The Rookery, a name I find it impossible to utter without injecting a Monty Pythonesque W, passed the test within minutes of walking in.

The new cafe is situated below a hairdressers in Faringdon, a most unlikely location for Sarah & Robert Tudgey's

latest venture. But having taken on Coffeesmith in Witney and then The Cogges Kitchen with great success, they were obviously keen to spread the love elsewhere.

And Faringdon is a massively up-and-coming location, with some really special fooderies opening up. The tiny market town now boasts the award winning Restaurant 56, the wonderful gastro pub The Eagle in Little Coxwell, a top notch tapas bar La Bobina, some amazing Lebanese at The Faringdon Coffee House and now this.

Cornish in demeanour, its eclectic decor is relaxed and welcoming, a mish mash of chairs, colours, and textures. The counter beckons appealingly, loaded down with delicious looking cakes and biscuits, and a massive blackboard of available coffees and specials entices you to sit down.

As Sarah and Rob are coffee aficionados, enjoying a good latte here is a given. But what of the food? Would the coffee and cake mentality stretch to a good lunch? And if it did, would the vegetarian menu put people off?

Maybe it's vegetarian bent doesn't matter enormously any more. Not here anyway because it's already a predominantly healthy, inventive, zingy kind of place where plates are loaded with salads and flavour and colour, regardless of its meat content.

My son who rarely partakes of any kind of fruit or veg at all if he can possibly help it. He is a massive carnivore who studiously ignores the two bottom drawers of our fridge.

But did he notice that the Wookery (ok I'll stop now) menu lacked any meat whatsoever? No. He was far too busy choosing which smoothie to have, all given the same kookie twist; strawberry, banana and basil, blackcurrant with chia seeds or apple and rocket with lime and ginger. All delicious, different and yes, good for you.

The menu also seized all his attention, which spicy eggs to have? Or perhaps the chilli or a sandwich, jacket potato or soup, which all sounds like standard British cafe fare, but take it from me; nothing here is average.

This is all down to the wonderful Lucy, who they poached from Daylesford. Not only does she make all the cakes herself, as pictured on the recipe section, but her concoctions take the banal out of normal. The smokey bean chilli with corn tortillas, creme fraiche and grated cheddar (£5.90) for example was absolutely incredible. I might beg her to make it in bulk and take it home to be eaten slowly with a spoon.

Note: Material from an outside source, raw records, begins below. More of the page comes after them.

text \<open>For \<open>p \<le> 1\<close> Jensen's inequality points the wrong way; the defect is paid for by the
  spread of \<open>e\<close> around its mean, which the pairwise differences dominate.\<close>

lemma powr_mean_le_sum_add_pair_diff:
  fixes e :: "'a \<Rightarrow> real" and D p :: real
  assumes T: "finite T" "T \<noteq> {}" and e: "\<forall>w\<in>T. 0 \<le> e w" and D: "0 < D" "sum e T \<le> 2 * D"
    and p: "0 < p" "p \<le> 1"
  shows "2 * real (card T) * (D + sum e T / real (card T)) powr p
    \<le> 2 * (\<Sum>w\<in>T. (D + e w) powr p) + pair_diff_sum p e T"
proof -
  define m where "m = real (card T)"
  define a where "a = sum e T / m"
  define K where "K = p * D powr (p - 1)"
  define B where "B = (2 * D) powr (p - 1)"
  define dev where "dev = (\<Sum>w\<in>T. \<bar>e w - a\<bar>)"
  have "0 \<le> a"
    using e by (simp add: a_def m_def sum_nonneg)
  have "0 \<le> dev"
    by (simp add: dev_def sum_nonneg)
  have "(D + a) powr p \<le> (D + e w) powr p + K * \<bar>e w - a\<bar>" if "w \<in> T" for w
    using powr_le_add_lipschitz[of D "D + e w" "D + a" p] e that D p \<open>0 \<le> a\<close>
    by (simp add: K_def abs_minus_commute)
  then have "(\<Sum>w\<in>T. (D + a) powr p) \<le> (\<Sum>w\<in>T. (D + e w) powr p + K * \<bar>e w - a\<bar>)"
    by (rule sum_mono)
  then have lipschitz: "m * (D + a) powr p \<le> (\<Sum>w\<in>T. (D + e w) powr p) + K * dev"
    by (simp add: m_def dev_def sum.distrib sum_distrib_left)
  have spread: "B * m * dev \<le> pair_diff_sum p e T"
    using mean_dev_le_pair_diff_sum[OF T(1) e D(2) p(2)] by (simp add: B_def m_def a_def dev_def)
  have "2 * K * dev \<le> B * m * dev"
  proof (cases "card T = 1")
    case True
    then obtain w where "T = {w}"
      by (auto simp: card_Suc_eq)
    then have "dev = 0"
      by (simp add: dev_def a_def m_def)
    then show ?thesis by simp
  next
    case False
    moreover have "card T \<noteq> 0"
      using T by simp
    ultimately have "2 \<le> m"
      by (simp add: m_def)
    have "K \<le> 2 powr (p - 1) * D powr (p - 1)"
      using le_two_powr_minus_one[of p] p by (simp add: K_def mult_right_mono)
    also have "\<dots> = B"
      using D by (simp add: B_def powr_mult)
    finally have "2 * K \<le> B * m"
      using \<open>2 \<le> m\<close> mult_left_mono[OF \<open>2 \<le> m\<close>, of B] by (simp add: B_def)
    then show ?thesis
      using \<open>0 \<le> dev\<close> by (intro mult_right_mono)
  qed
  with lipschitz spread
  have "2 * m * (D + a) powr p \<le> 2 * (\<Sum>w\<in>T. (D + e w) powr p) + pair_diff_sum p e T"
    by linarith
  then show ?thesis
    by (simp add: m_def a_def)
qed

The kerjiwal eggs (sourdough with cheese, green chilli and fried eggs, £5.90) which is homemade ever day, alongside a tomato, basil and mozzarella toastie toastie; no limp lettuce and tasteless tomatoes here, the garnish a aromatic carrot salad which accentuated all the vibrancy of the dish. A bit of salad dressing for the leaves wouldn't have gone amiss though. And the ardent carnivore had the special: the Eggs Menumen - sour dough toast with tomato, peppers, onion and fried eggs (£5.90).

It was only as a I watched Lucy preparing our meal that I realised that she makes a lot of it right there and then on a tiny stove behind the counter. And yet our feast was absolutely delicious. Each snatching a bite of the avocado with chipotle chilli and lime (£5.50) on toast.

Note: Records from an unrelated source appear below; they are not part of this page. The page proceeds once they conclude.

(* Let $n$ be a positive integer with $n\equiv 2 \pmod 3$. Then the $(3,n;6)$-bipartite biregular cage has exactly $2+2n+\frac{(2+2n)n}{3}$ vertices, and every $(3,n;6)$-bipartite biregular cage is (isomorphic to) the incidence graph of the structure obtained from a Steiner triple system on $2n+3$ points by deleting one point and all triples containing it.
   Context: For integers $a,b\geq 2$ and even $g\ge 4$, an $(a,b;g)$-bipartite biregular graph is a finite simple bipartite graph of girth exactly $g$ in which all vertices of one bipartition class have degree $a$ and all vertices of the other class have degree $b$. An $(a,b;g)$-bipartite biregular cage is such a graph of minimum possible order. A Steiner triple system on $v$ points is a set of $v$ points with a family of 3-element subsets (triples) such that every pair of distinct points lies in exactly one triple. The incidence graph of a point-triple structure is the bipartite graph on points and triples with a point adjacent to a triple iff the point lies in it. *)

theory Defs
  imports Main
begin

definition simple_graph :: "'a set \<Rightarrow> ('a \<Rightarrow> 'a \<Rightarrow> bool) \<Rightarrow> bool" where
  "simple_graph V E \<longleftrightarrow> finite V \<and> (\<forall>u v. E u v \<longrightarrow> u \<in> V \<and> v \<in> V)
     \<and> (\<forall>u v. E u v \<longrightarrow> E v u) \<and> (\<forall>u. \<not> E u u)"

definition degree :: "'a set \<Rightarrow> ('a \<Rightarrow> 'a \<Rightarrow> bool) \<Rightarrow> 'a \<Rightarrow> nat" where
  "degree V E v = card {w \<in> V. E v w}"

The coffee was to die for and begged a slice of cake to accompany it afterwards. But what to have? Devils chocolate, carrot and walnut, shortbread, flapjacks, bramble, honey and orange? Some vegan, some veggie, some gluten free, some downright naughty. We sampled most of it, but the carrot and walnut was a particular favourite, Lucy' s icing so soft and light, the cake so moist, it was impossible to resist.

Wiping up the crumbs from his plate, and slurping down the last of his smoothie, my son was just getting ready to leave when we asked him if he'd enjoyed his veggie lunch. Swivelling his head like possessed child Regan in The Exorcist, he went pale and added: "You didn't tell me this place was veggie?!" "We didn't need to. And I see you've wiped your plate clean." After a lunch like that how could he complain?